I grew up telling on myself. If I did something wrong and I felt guilty…I couldn’t keep it a secret for very long. But, if I did something that someone else thought was incorrect and I didn’t agree…well then, too bad for everyone involved. I wasn’t going to budge, much less offer up an apology. Not until I knew in my mind and in my heart that I was wrong. Oh, what it must have been like to raise me… a justice driven only child with red-hot irish blood pulsing through my veins. I’m sure it was no picnic.
I still tell on myself. I can’t help it. I want people to know that I am hopelessly flawed. I want them to see the real me. No fluff, no unrealistic expectations…nothing in the way of myself. So, I don’t mind you knowing that I love reality television. I can spend hours watching real housewives bicker and get plastic surgery all day long. I’m still carrying an extra 30 pounds from my pregnancy with Rowan…and sometimes I cry because I hate how I feel. I often have to fight back comparing myself to others. It seems as though everyone else got all the luck and I’m the underdog. For the last several years I have promised myself and others that I would start college, I even filled out an application. But, I never went. Maybe next semester?
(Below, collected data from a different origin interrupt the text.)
lemma poly_interpolation_exists:
  fixes X :: "real set" and f :: "real \<Rightarrow> real"
  assumes "finite X" "card X = Suc n"
  shows "\<exists>q. degree q \<le> n \<and> (\<forall>x\<in>X. poly q x = f x)"
proof -
  define L where "L x = (\<Prod>y\<in>X-{x}. [:-y, 1:])" for x
  define q where "q = (\<Sum>x\<in>X. smult (f x / poly (L x) x) (L x))"
  have degree_L: "degree (L x) \<le> n" if "x \<in> X" for x
  proof -
    have "degree (L x) \<le> (\<Sum>y\<in>X-{x}. degree [:-y, 1::real:])"
      using degree_prod_sum_le[of "X-{x}" "\<lambda>y. [:-y, 1::real:]"] assms(1)
      by (simp add: L_def o_def)
    also have "\<dots> = n" using assms that by simp
    finally show ?thesis .
  qed
  have poly_L: "poly (L x) z = (\<Prod>y\<in>X-{x}. z - y)" for x z
    by (simp add: L_def poly_prod)
  have "degree q \<le> n"
    unfolding q_def using degree_L by (intro degree_sum_le[OF assms(1)]) (meson degree_smult_le order_trans)
  moreover have "poly q z = f z" if z: "z \<in> X" for z
  proof -
    have "poly (L x) z = 0" if "x \<in> X - {z}" for x
      using that z assms(1) unfolding poly_L by (intro prod_zero) auto
    then have "poly q z = f z / poly (L z) z * poly (L z) z"
      by (simp add: q_def poly_sum sum.remove[OF assms(1) z])
    also have "\<dots> = f z"
      using assms(1) by (simp add: poly_L)
    finally show ?thesis .
  qed
  ultimately show ?thesis by blast
qed

lemma interpolation_error:
  fixes D :: "nat \<Rightarrow> real \<Rightarrow> real" and q :: "real poly"
  assumes der: "\<And>m t. m \<le> n \<Longrightarrow> t \<in> {c..d} \<Longrightarrow>
      (D m has_real_derivative D (Suc m) t) (at t within {c..d})"
    and X: "finite X" "card X = Suc n" "X \<subseteq> {c..d}"
    and q: "degree q \<le> n" "\<And>y. y \<in> X \<Longrightarrow> poly q y = D 0 y"
    and x: "x \<in> {c..d}"
  shows "\<exists>\<xi>\<in>{c..d}. D 0 x - poly q x = D (Suc n) \<xi> / fact (Suc n) * (\<Prod>y\<in>X. x - y)"
proof (cases "x \<in> X")
  case True
  then show ?thesis using x q(2) X(1) by auto
next
  case False
  define W where "W = (\<Prod>y\<in>X. [:-y, 1:])"
  have poly_W: "poly W t = (\<Prod>y\<in>X. t - y)" for t
    by (simp add: W_def poly_prod)
  have "poly W x \<noteq> 0" using False X(1) unfolding poly_W by auto
  define \<gamma> where "\<gamma> = (D 0 x - poly q x) / poly W x"
  define G where "G m t = D m t - poly ((pderiv ^^ m) q) t - \<gamma> * poly ((pderiv ^^ m) W) t" for m t
  have G_deriv: "(G m has_real_derivative G (Suc m) t) (at t within {c..d})"
    if "m < Suc n" "t \<in> {c..d}" for m t
    unfolding G_def using that
    by (intro DERIV_diff DERIV_cmult der) (auto intro: DERIV_subset[OF poly_DERIV])
  have G_zeros: "G 0 z = 0" if "z \<in> insert x X" for z
    using that q(2) \<open>poly W x \<noteq> 0\<close> X(1) by (auto simp: G_def \<gamma>_def poly_W)
  obtain \<xi> where \<xi>: "\<xi> \<in> {c..d}" "G (Suc n) \<xi> = 0"
    using Rolle_higher_deriv[of "Suc n" c d G "insert x X", OF G_deriv _ _ _ G_zeros] X x False
    by auto
  have "(pderiv ^^ Suc n) q = 0"
    using higher_pderiv_eq_const[of q "Suc n"] q(1) by (simp add: coeff_eq_0)
  moreover have "(pderiv ^^ Suc n) W = [:fact (Suc n):]"
  proof -
    have "degree W = Suc n" "coeff W (Suc n) = 1"
      using X(1,2) lead_coeff_prod[of "\<lambda>y. [:-y, 1::real:]" X]
      by (simp_all add: W_def degree_prod_eq_sum_degree)
    then show ?thesis using higher_pderiv_eq_const[of W "Suc n"] by simp
  qed
  ultimately have "D (Suc n) \<xi> = \<gamma> * fact (Suc n)"
    using \<xi>(2) by (simp add: G_def)
  then show ?thesis
    using \<xi>(1) \<open>poly W x \<noteq> 0\<close> by (intro bexI[of _ \<xi>]) (simp_all add: \<gamma>_def poly_W)
qed

lemma interpolation_error_bound:
  fixes D :: "nat \<Rightarrow> real \<Rightarrow> real" and q :: "real poly"
  assumes der: "\<And>m t. m \<le> n \<Longrightarrow> t \<in> {c..d} \<Longrightarrow>
      (D m has_real_derivative D (Suc m) t) (at t within {c..d})"
    and bound: "\<And>t. t \<in> {c..d} \<Longrightarrow> \<bar>D (Suc n) t\<bar> \<le> M"
    and X: "finite X" "card X = Suc n" "X \<subseteq> {c..d}"
    and q: "degree q \<le> n" "\<And>y. y \<in> X \<Longrightarrow> poly q y = D 0 y"
    and x: "x \<in> {c..d}"
  shows "\<bar>D 0 x - poly q x\<bar> \<le> M * (d - c) ^ Suc n / fact (Suc n)"
proof -
  obtain \<xi> where \<xi>: "\<xi> \<in> {c..d}"
    and err: "D 0 x - poly q x = D (Suc n) \<xi> / fact (Suc n) * (\<Prod>y\<in>X. x - y)"
    using interpolation_error[OF der X q x] by blast
  have "(\<Prod>y\<in>X. \<bar>x - y\<bar>) \<le> (\<Prod>y\<in>X. d - c)"
    using X(3) x by (intro prod_mono) (auto simp: abs_le_iff dest!: subsetD[OF X(3)])
  then have "\<bar>\<Prod>y\<in>X. x - y\<bar> \<le> (d - c) ^ Suc n"
    using X(2) by (simp add: abs_prod)
  moreover have "\<bar>D (Suc n) \<xi>\<bar> / fact (Suc n) \<le> M / fact (Suc n)"
    using bound[OF \<xi>] by (simp add: divide_right_mono)
  ultimately have "\<bar>D (Suc n) \<xi>\<bar> / fact (Suc n) * \<bar>\<Prod>y\<in>X. x - y\<bar> \<le> M / fact (Suc n) * (d - c) ^ Suc n"
    using bound[OF \<xi>] by (intro mult_mono) auto
  then show ?thesis by (simp add: err abs_mult)
qed

lemma mesh_node_less:
  assumes "mesh_ok a b k N p s" "i < N" "j < l" "l \<le> k + 1"
  shows "s i j < s i l"
  by (rule lift_Suc_mono_less_ivl[of "{..k}" "s i"]) (use assms in \<open>auto simp: mesh_ok_def\<close>)

lemma mesh_node_in_cell:
  assumes "mesh_ok a b k N p s" "i < N" "j \<le> k + 1"
  shows "s i j \<in> {p i..p (Suc i)}"
proof -
  have "s i 0 \<le> s i j" "s i j \<le> s i (k + 1)"
    using mesh_node_less[OF assms(1,2), of 0 j] mesh_node_less[OF assms(1,2), of j "k + 1"] assms(3)
    by (cases "j = 0", simp_all, cases "j = k + 1", simp_all)
  then show ?thesis using assms(1,2) by (simp add: mesh_ok_def)
qed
See, I feel somewhat comforted putting all of this out into cyberspace for everyone to read.
But, these are the things I know that make me imperfect and flawed. What about the things I don’t see? For someone like me, I can’t just go off of what someone else may see in my life, I need the proof for myself. So, as a disciple and discipler, as a leader who is being led, or as a pastor’s wife who is being pastored how do we get to the point where we can trust what others may need to point out in our life? Even beyond that, how do we point out things in the lives of others that may need a little push in the right direction?